Letters of the Right Honourable Lady M—y W—y M—e eBook

This eBook from the Gutenberg Project consists of approximately 284 pages of information about Letters of the Right Honourable Lady M—y W—y M—e.

Letters of the Right Honourable Lady M—y W—y M—e eBook

This eBook from the Gutenberg Project consists of approximately 284 pages of information about Letters of the Right Honourable Lady M—y W—y M—e.

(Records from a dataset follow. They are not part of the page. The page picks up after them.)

lemma AE_imp_ex_on_nonnull_subset:
  assumes "AE \<omega> in q. \<omega> \<in> Y \<longrightarrow> R \<omega>" "X \<subseteq> Y" "X \<in> sets q" "measure q X \<noteq> 0"
  shows "\<exists>\<omega>\<in>X. R \<omega>"
proof (rule ccontr)
  assume "\<not> (\<exists>\<omega>\<in>X. R \<omega>)"
  with assms(1,2) have "AE \<omega> in q. \<omega> \<notin> X" by (auto elim: AE_mp)
  then have "X \<in> null_sets q" using AE_iff_null_sets assms(3) by blast
  then show False using assms(4) by (simp add: measure_def null_setsD1)
qed

lemma cond_prob_strictly_between_imp_pos:
  assumes "finite_measure q" "I \<in> sets q" "J \<in> sets q"
    and "0 < cond_prob q J I" "cond_prob q J I < 1"
  shows "measure q (J \<inter> I) > 0" "measure q (I - J) > 0"
proof -
  have "measure q I > 0"
    using assms(4) unfolding cond_prob_def by (metis div_by_0 less_irrefl measure_nonneg
        order_less_le)
  then show "measure q (J \<inter> I) > 0"
    using assms(4) unfolding cond_prob_def by (simp add: zero_less_divide_iff)
  have "measure q (I - J) = measure q I - measure q (J \<inter> I)"
    using finite_measure.finite_measure_Diff'[OF assms(1,2,3)] by (simp add: Int_commute)
  then show "measure q (I - J) > 0"
    using assms(5) \<open>measure q I > 0\<close> unfolding cond_prob_def by (simp add: field_simps)
qed

lemma gameD:
  assumes "game n M p A P" "i < n"
  shows "prob_space (p i)" "sets (p i) = sets M" "fin_partition M (P i)"
    "\<exists>x\<in>A i. \<exists>y\<in>A i. x \<noteq> y"
  using assms unfolding game_def by blast+

lemma game_measure_pos_iff:
  assumes "game n M p A P" "F \<in> sets M" "i < n" "j < n"
  shows "measure (p i) F > 0 \<longleftrightarrow> measure (p j) F > 0"
proof -
  have "\<forall>F\<in>sets M. \<forall>i<n. \<forall>j<n. measure (p i) F = 0 \<longleftrightarrow> measure (p j) F = 0"
    using assms(1) unfolding game_def by (elim conjE)
  then have "measure (p i) F = 0 \<longleftrightarrow> measure (p j) F = 0" using assms(2-4) by blast
  then show ?thesis by (simp only: zero_less_measure_iff)
qed

lemma free_choice_worlds_deviation_off_cell:
  assumes "free_choice_worlds n M A P W" "fin_partition M (P j)" "j < n" "J \<in> P j"
    and "x \<in> A j" "y \<in> A j"
  obtains s t where "s \<in> W" "t \<in> W" "\<forall>\<omega>\<in>space M. s j \<omega> = x"
    "\<forall>\<omega>\<in>space M. t j \<omega> = (if \<omega> \<in> J then x else y)"
proof -
  have free: "\<And>\<sigma>. is_strategy M (P j) (A j) \<sigma> \<Longrightarrow> \<exists>s\<in>W. \<forall>\<omega>\<in>space M. s j \<omega> = \<sigma> \<omega>"
    using assms(1,3) unfolding free_choice_worlds_def by blast
  obtain s where "s \<in> W" "\<forall>\<omega>\<in>space M. s j \<omega> = (if \<omega> \<in> J then x else x)"
    using free is_strategy_cell_indicator assms(2,4,5) by blast
  moreover obtain t where "t \<in> W" "\<forall>\<omega>\<in>space M. t j \<omega> = (if \<omega> \<in> J then x else y)"
    using free is_strategy_cell_indicator assms(2,4,5,6) by blast
  ultimately show thesis using that by simp
qed

lemma BAY_same_action_imp_AE_eq:
  assumes "BAY n p A P W \<psi>" "s \<in> W" "t \<in> W" "i < n" "I \<in> P i" "a \<in> A i"
    and "measure (p i) I > 0" "\<forall>\<omega>\<in>I. s i \<omega> = a" "\<forall>\<omega>\<in>I. t i \<omega> = a" "k < n" "k \<noteq> i"
  shows "AE \<omega> in p i. \<omega> \<in> I \<longrightarrow> s k \<omega> = t k \<omega>"
proof -
  have "AE \<omega> in p i. \<omega> \<in> I \<longrightarrow> (\<forall>k<n. k \<noteq> i \<longrightarrow> \<psi> i I a k \<omega> = s k \<omega>)"
    "AE \<omega> in p i. \<omega> \<in> I \<longrightarrow> (\<forall>k<n. k \<noteq> i \<longrightarrow> \<psi> i I a k \<omega> = t k \<omega>)"
    using assms(1-9) unfolding BAY_def by blast+
  then show ?thesis by eventually_elim (use assms(10,11) in auto)
qed

lemma BAY_imp_same_action_on_overlapping_cell:
  assumes game: "game n M p A P" and worlds: "free_choice_worlds n M A P W"
    and bay: "BAY n p A P W \<psi>" and st: "s \<in> W" "t \<in> W"
    and j: "j < n" "J \<in> P j" "x \<in> A j"
    and same_j: "\<forall>\<omega>\<in>J. s j \<omega> = x" "\<forall>\<omega>\<in>J. t j \<omega> = x"
    and i: "i < n" "i \<noteq> j" "I \<in> P i" "measure (p j) (J \<inter> I) > 0"
  shows "\<exists>a\<in>A i. (\<forall>\<omega>\<in>I. s i \<omega> = a) \<and> (\<forall>\<omega>\<in>I. t i \<omega> = a)"
proof -
  have partition: "fin_partition M (P i)" "fin_partition M (P j)"
    and prob_j: "finite_measure (p j)" "sets (p j) = sets M"
    using gameD[OF game] i(1) j(1) by (auto intro: prob_space.finite_measure)
  have "I \<subseteq> space M" "J \<in> sets (p j)" "J \<inter> I \<in> sets (p j)"
    using partition i(3) j(2) prob_j(2) unfolding fin_partition_def by auto
  then have "measure (p j) (J \<inter> I) \<le> measure (p j) J"
    using finite_measure.finite_measure_mono[OF prob_j(1)] by simp
  then have "measure (p j) J > 0" using i(4) by linarith
  then have "AE \<omega> in p j. \<omega> \<in> J \<longrightarrow> s i \<omega> = t i \<omega>"
    by (rule BAY_same_action_imp_AE_eq[OF bay st j _ same_j i(1,2)])
  from AE_imp_ex_on_nonnull_subset[OF this Int_lower1 \<open>J \<inter> I \<in> sets (p j)\<close>] i(4)
  obtain \<omega>\<^sub>0 where \<omega>\<^sub>0: "\<omega>\<^sub>0 \<in> J \<inter> I" "s i \<omega>\<^sub>0 = t i \<omega>\<^sub>0" by auto
  have strategies: "is_strategy M (P i) (A i) (s i)" "is_strategy M (P i) (A i) (t i)"
    using worlds st i(1) unfolding free_choice_worlds_def by auto
  have "s i \<omega>\<^sub>0 \<in> A i"
    using strategies(1) \<omega>\<^sub>0(1) \<open>I \<subseteq> space M\<close> unfolding is_strategy_def by blast
  moreover have "\<forall>\<omega>\<in>I. s i \<omega> = s i \<omega>\<^sub>0" "\<forall>\<omega>\<in>I. t i \<omega> = t i \<omega>\<^sub>0"
    using strategy_constant_on_cell[OF partition(1) _ i(3)] strategies \<omega>\<^sub>0(1) by blast+
  ultimately show ?thesis using \<omega>\<^sub>0(2) by auto
qed
text \<open>No vertex of \<open>D\<close> lies angularly strictly between \<open>c\<close> and \<open>anchor c\<close>; this is what keeps
  the edges to anchors from crossing each other and the edges \<open>ad\<close>.\<close>

definition anchor :: "pt \<Rightarrow> pt" where
  "anchor c = (if \<exists>d\<in>D. angle_rank c < angle_rank d
     then arg_min_on angle_rank {d \<in> D. angle_rank c < angle_rank d}
     else arg_max angle_rank (\<lambda>d. d \<in> D))"

lemma finite_D: "finite D"
  using D_subset_W finite_V by (auto intro: finite_subset)

lemma arg_max_angle_rank:
  "arg_max angle_rank (\<lambda>d. d \<in> D) \<in> D \<and> (\<forall>d\<in>D. angle_rank d \<le> angle_rank (arg_max angle_rank (\<lambda>d. d \<in> D)))"
proof -
  obtain d where "d \<in> D"
    using D_nonempty by blast
  moreover have "\<forall>y. y \<in> D \<longrightarrow> angle_rank y < Suc (card W)"
    using angle_rank_le_card by (simp add: less_Suc_eq_le)
  ultimately show ?thesis
    using arg_max_nat_lemma[of "\<lambda>d. d \<in> D" d angle_rank] by blast
qed

lemma anchor_in_D: "anchor c \<in> D"
proof (cases "\<exists>d\<in>D. angle_rank c < angle_rank d")
  case True
  then have "arg_min_on angle_rank {d \<in> D. angle_rank c < angle_rank d} \<in> {d \<in> D. angle_rank c < angle_rank d}"
    using finite_D by (intro arg_min_if_finite(1)) auto
  then show ?thesis
    using True by (simp add: anchor_def)
next
  case False
  then show ?thesis
    using arg_max_angle_rank by (simp add: anchor_def)
qed

lemma anchor_in_W: "anchor c \<in> W"
  using anchor_in_D D_subset_W by blast

lemma anchor_cases:
  assumes "c \<in> W - D"
  obtains (before) "angle_rank c < angle_rank (anchor c)"
      "\<And>d. d \<in> D \<Longrightarrow> angle_rank c < angle_rank d \<Longrightarrow> angle_rank (anchor c) \<le> angle_rank d"
    | (after) "\<And>d. d \<in> D \<Longrightarrow> angle_rank d \<le> angle_rank (anchor c)"
      "\<And>d. d \<in> D \<Longrightarrow> angle_rank d < angle_rank c"
proof (cases "\<exists>d\<in>D. angle_rank c < angle_rank d")
  case True
  let ?U = "{d \<in> D. angle_rank c < angle_rank d}"
  have "anchor c = arg_min_on angle_rank ?U"
    using True by (simp add: anchor_def)
  moreover have "arg_min_on angle_rank ?U \<in> ?U"
    using True finite_D by (intro arg_min_if_finite(1)) auto
  moreover have "angle_rank (arg_min_on angle_rank ?U) \<le> angle_rank d" if "d \<in> ?U" for d
    using True finite_D that by (intro arg_min_least) auto
  ultimately show thesis
    using before by simp
next
  case False
  have "angle_rank d < angle_rank c" if "d \<in> D" for d
  proof -
    have "d \<noteq> c"
      using assms that by blast
    then have "angle_rank d \<noteq> angle_rank c"
      using angle_rank_eq_iff assms that D_subset_W by blast
    then show ?thesis
      using False that by auto
  qed
  moreover have "anchor c = arg_max angle_rank (\<lambda>d. d \<in> D)"
    using False by (simp add: anchor_def)
  ultimately show thesis
    using after arg_max_angle_rank by simp
qed

lemma angle_rank_outside_anchor_interval:
  assumes "c \<in> W - D" "d \<in> D" "d \<noteq> anchor c"
  shows "angle_rank d < angle_rank c \<and> angle_rank d < angle_rank (anchor c)
    \<or> angle_rank c < angle_rank d \<and> angle_rank (anchor c) < angle_rank d"
proof -
  have "d \<in> W" "d \<noteq> c"
    using assms D_subset_W by auto
  then have ne: "angle_rank d \<noteq> angle_rank c" "angle_rank d \<noteq> angle_rank (anchor c)"
    using angle_rank_eq_iff assms anchor_in_W by auto
  from assms(1) show ?thesis
  proof (cases rule: anchor_cases)
    case before
    show ?thesis
    proof (cases "angle_rank c < angle_rank d")
      case True
      with before(2)[OF assms(2)] ne show ?thesis
        by linarith
    next
      case False
      with before(1) ne show ?thesis
        by linarith
    qed
  next
    case after
    with ne show ?thesis
      using after(1)[OF assms(2)] after(2)[OF assms(2)] by linarith
  qed
qed

lemma anchor_intervals_separated:
  assumes "c \<in> W - D" "c' \<in> W - D" "anchor c \<noteq> anchor c'"
  shows "max (angle_rank c) (angle_rank (anchor c)) < min (angle_rank c') (angle_rank (anchor c'))
    \<or> max (angle_rank c') (angle_rank (anchor c')) < min (angle_rank c) (angle_rank (anchor c))"
proof -
  have ne: "angle_rank (anchor c) \<noteq> angle_rank (anchor c')"
    using assms(3) angle_rank_eq_iff anchor_in_W by blast
  note out = angle_rank_outside_anchor_interval[OF assms(1) anchor_in_D assms(3)[symmetric]]
    angle_rank_outside_anchor_interval[OF assms(2) anchor_in_D assms(3)]
  from assms(1) show ?thesis
  proof (cases rule: anchor_cases)
    case before
    from assms(2) show ?thesis
    proof (cases rule: anchor_cases)
      case before
      then show ?thesis
        using out ne \<open>angle_rank c < angle_rank (anchor c)\<close> by auto
    next
      case after
      then show ?thesis
        using out ne after(1,2)[OF anchor_in_D[of c]] \<open>angle_rank c < angle_rank (anchor c)\<close> by auto
    qed
  next
    case after
    from assms(2) show ?thesis
    proof (cases rule: anchor_cases)
      case before
      then show ?thesis
        using out ne after(1,2)[OF anchor_in_D[of c']] by auto
    next
      case after': after
      then show ?thesis
        using ne after(1)[OF anchor_in_D[of c']] after'(1)[OF anchor_in_D[of c]] by simp
    qed
  qed
qed

lemma closed_segment_ab_Int_ad:
  assumes "d \<in> D"
  shows "closed_segment a b \<inter> closed_segment a d = {a}"
proof (rule closed_segment_Int_common_endpoint)
  show "\<not> collinear {a, b, d}"
    using general_position_noncollinear[OF general_position_V a_in_V b_in_V, of d] assms D_subset_W
      a_neq_b by auto
qed

lemma closed_segment_ad_Int_ad:
  assumes "d \<in> D" "d' \<in> D" "d \<noteq> d'"
  shows "closed_segment a d \<inter> closed_segment a d' = {a}"
proof (rule closed_segment_Int_common_endpoint)
  show "\<not> collinear {a, d, d'}"
    using general_position_noncollinear[OF general_position_V a_in_V, of d d'] assms D_subset_W by auto
qed

lemma closed_segment_ab_Int_anchor:
  assumes "c \<in> W - D"
  shows "closed_segment a b \<inter> closed_segment c (anchor c) = {}"
proof -
  have "0 < turn b z" if "z \<in> closed_segment c (anchor c)" for z
    using turn_closed_segment[OF that, of b] turn_b_pos[of c] turn_b_pos[OF anchor_in_W[of c]] assms
    by (auto simp: closed_segment_eq_real_ivl split: if_splits)
  then show ?thesis
    using turn_closed_segment_from_a by force
qed

lemma closed_segment_ad_Int_anchor:
  assumes "d \<in> D" "c \<in> W - D"
  shows "closed_segment a d \<inter> closed_segment c (anchor c) = (if d = anchor c then {d} else {})"
proof (cases "d = anchor c")
  case True
  have "closed_segment d a \<inter> closed_segment d c = {d}"
  proof (rule closed_segment_Int_common_endpoint)
    show "\<not> collinear {d, a, c}"
      using general_position_noncollinear[OF general_position_V, of d a c] assms D_subset_W a_in_V
      by auto
  qed
  then show ?thesis
    using True by (simp add: closed_segment_commute)
next
  case False
  have "d \<in> W"
    using assms(1) D_subset_W by blast
  have W: "c \<in> W" "anchor c \<in> W"
    using assms(2) anchor_in_W by auto
  have "0 < turn d c \<and> 0 < turn d (anchor c) \<or> turn d c < 0 \<and> turn d (anchor c) < 0"
    using angle_rank_outside_anchor_interval[OF assms(2,1) False]
    unfolding turn_pos_iff[OF \<open>d \<in> W\<close> W(1)] turn_pos_iff[OF \<open>d \<in> W\<close> W(2)]
      turn_neg_iff[OF \<open>d \<in> W\<close> W(1)] turn_neg_iff[OF \<open>d \<in> W\<close> W(2)]
    by blast
  then have "turn d z \<noteq> 0" if "z \<in> closed_segment c (anchor c)" for z
    using turn_closed_segment[OF that, of d] by (auto simp: closed_segment_eq_real_ivl split: if_splits)
  then show ?thesis
    using False turn_closed_segment_from_a by force
qed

HERE summer reigns with one eternal smile,
Succeeding harvests bless the happy soil. 
Fair fertile fields, to whom indulgent Heaven
Has ev’ry charm of ev’ry season given;
No killing cold deforms the beauteous year,
The springing flowers no coming winter fear. 
But as the parent Rose decays and dies,
The infant-buds with brighter colour rise,
And with fresh sweets the mother’s scent supplies,
Near them the Violet grows with odours blest,
And blooms in more than Tyrian purple drest;
The rich Jonquils their golden beams display,
And shine in glories emulating day;
The peaceful groves their verdant leaves retain,
The streams still murmur undefil’d with rain,
And tow’ring greens adorn the fruitful plain. 
The warbling kind uninterrupted sing,
Warm’d with enjoyments of perpetual spring.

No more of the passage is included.